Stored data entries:
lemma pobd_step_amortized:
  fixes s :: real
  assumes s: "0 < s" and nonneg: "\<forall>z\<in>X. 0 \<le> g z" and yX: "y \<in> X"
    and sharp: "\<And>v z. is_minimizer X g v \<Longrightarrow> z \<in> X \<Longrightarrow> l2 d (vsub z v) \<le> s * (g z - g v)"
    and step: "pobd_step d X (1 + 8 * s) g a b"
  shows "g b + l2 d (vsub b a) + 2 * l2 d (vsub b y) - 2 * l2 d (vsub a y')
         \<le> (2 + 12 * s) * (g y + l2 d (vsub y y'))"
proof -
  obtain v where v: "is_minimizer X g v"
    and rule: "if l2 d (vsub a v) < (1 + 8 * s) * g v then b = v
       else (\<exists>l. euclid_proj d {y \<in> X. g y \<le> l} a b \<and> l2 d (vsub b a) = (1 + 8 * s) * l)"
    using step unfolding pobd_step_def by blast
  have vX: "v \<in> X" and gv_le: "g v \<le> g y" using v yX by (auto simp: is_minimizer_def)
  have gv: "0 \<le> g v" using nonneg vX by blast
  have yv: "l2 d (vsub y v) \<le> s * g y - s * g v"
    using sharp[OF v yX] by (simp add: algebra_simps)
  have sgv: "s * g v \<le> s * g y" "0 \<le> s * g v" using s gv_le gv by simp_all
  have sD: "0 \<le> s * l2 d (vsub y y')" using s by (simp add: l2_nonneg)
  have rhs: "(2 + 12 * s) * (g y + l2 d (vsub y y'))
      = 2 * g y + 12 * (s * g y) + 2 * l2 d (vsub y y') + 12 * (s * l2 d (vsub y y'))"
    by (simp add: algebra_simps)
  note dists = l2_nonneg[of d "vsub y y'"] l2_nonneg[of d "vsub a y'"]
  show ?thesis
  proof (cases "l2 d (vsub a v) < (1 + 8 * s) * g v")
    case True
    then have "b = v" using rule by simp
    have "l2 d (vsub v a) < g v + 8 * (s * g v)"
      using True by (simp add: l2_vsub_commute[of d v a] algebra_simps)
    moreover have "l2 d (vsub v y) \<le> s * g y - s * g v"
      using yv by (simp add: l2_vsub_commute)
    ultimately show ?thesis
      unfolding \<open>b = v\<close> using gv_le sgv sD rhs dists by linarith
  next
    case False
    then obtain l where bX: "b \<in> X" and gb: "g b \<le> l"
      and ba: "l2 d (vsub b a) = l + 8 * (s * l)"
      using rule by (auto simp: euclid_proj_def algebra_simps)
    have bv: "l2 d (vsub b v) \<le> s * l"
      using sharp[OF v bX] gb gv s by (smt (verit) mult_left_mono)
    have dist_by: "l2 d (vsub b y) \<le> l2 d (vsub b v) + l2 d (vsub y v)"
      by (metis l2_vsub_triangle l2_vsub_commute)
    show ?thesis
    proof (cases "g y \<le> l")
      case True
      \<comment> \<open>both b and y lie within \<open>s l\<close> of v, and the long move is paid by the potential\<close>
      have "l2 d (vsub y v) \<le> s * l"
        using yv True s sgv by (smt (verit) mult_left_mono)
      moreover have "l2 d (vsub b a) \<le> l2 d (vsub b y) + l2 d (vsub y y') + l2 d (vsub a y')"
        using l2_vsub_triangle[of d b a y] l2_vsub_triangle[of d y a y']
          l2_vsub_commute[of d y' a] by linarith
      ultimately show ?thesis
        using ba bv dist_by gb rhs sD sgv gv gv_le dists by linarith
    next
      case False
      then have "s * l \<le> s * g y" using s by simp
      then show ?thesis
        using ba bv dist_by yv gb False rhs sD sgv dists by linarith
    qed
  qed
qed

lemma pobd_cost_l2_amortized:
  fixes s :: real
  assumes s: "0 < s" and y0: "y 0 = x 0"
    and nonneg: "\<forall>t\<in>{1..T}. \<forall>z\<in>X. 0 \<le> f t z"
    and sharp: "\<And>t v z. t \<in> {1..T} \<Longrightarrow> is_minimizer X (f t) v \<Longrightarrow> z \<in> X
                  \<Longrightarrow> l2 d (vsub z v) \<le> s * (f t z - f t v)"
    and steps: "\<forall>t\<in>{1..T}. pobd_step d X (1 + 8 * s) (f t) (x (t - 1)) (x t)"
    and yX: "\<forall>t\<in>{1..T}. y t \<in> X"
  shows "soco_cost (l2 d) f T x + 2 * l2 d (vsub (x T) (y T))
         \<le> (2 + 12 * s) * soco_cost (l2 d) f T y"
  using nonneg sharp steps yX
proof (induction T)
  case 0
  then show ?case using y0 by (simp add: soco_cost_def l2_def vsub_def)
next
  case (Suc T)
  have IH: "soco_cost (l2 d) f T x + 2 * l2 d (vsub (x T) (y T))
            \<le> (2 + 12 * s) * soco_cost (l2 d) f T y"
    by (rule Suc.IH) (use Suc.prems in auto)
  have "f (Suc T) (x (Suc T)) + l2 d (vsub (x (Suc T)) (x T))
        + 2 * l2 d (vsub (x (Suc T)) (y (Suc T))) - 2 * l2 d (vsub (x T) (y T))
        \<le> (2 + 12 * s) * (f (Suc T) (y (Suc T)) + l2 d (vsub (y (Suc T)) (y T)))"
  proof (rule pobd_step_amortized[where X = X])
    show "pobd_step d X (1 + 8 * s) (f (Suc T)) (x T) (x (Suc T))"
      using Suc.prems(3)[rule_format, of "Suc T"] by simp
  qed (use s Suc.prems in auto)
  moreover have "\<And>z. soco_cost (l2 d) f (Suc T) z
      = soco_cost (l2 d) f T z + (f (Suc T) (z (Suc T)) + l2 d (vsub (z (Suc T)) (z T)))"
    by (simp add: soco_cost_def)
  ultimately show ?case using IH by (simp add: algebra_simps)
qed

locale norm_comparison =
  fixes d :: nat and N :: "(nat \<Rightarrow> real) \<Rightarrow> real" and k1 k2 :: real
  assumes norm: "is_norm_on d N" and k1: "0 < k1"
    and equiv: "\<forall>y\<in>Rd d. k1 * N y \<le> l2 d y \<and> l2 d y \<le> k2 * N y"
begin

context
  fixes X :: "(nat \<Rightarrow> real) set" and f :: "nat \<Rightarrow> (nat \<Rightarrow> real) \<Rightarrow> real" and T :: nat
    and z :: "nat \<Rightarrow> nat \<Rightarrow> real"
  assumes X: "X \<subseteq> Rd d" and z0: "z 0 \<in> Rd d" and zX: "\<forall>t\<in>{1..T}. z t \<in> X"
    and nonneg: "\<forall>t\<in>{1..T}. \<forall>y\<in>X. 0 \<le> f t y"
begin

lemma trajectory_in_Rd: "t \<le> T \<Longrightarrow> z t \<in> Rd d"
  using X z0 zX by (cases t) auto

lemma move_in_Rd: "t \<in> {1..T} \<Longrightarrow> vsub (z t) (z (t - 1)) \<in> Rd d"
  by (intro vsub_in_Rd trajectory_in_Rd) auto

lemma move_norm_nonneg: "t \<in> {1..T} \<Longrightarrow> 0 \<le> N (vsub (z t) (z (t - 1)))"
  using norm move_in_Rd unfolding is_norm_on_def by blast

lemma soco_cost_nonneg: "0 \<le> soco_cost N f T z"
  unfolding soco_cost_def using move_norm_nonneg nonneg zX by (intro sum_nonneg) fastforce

● WHAT YOU HAVE TO DO
Work out how many lines contain the word "ultimately" in the records, and answer with the number only.

● EXERCISE RESPONSE
3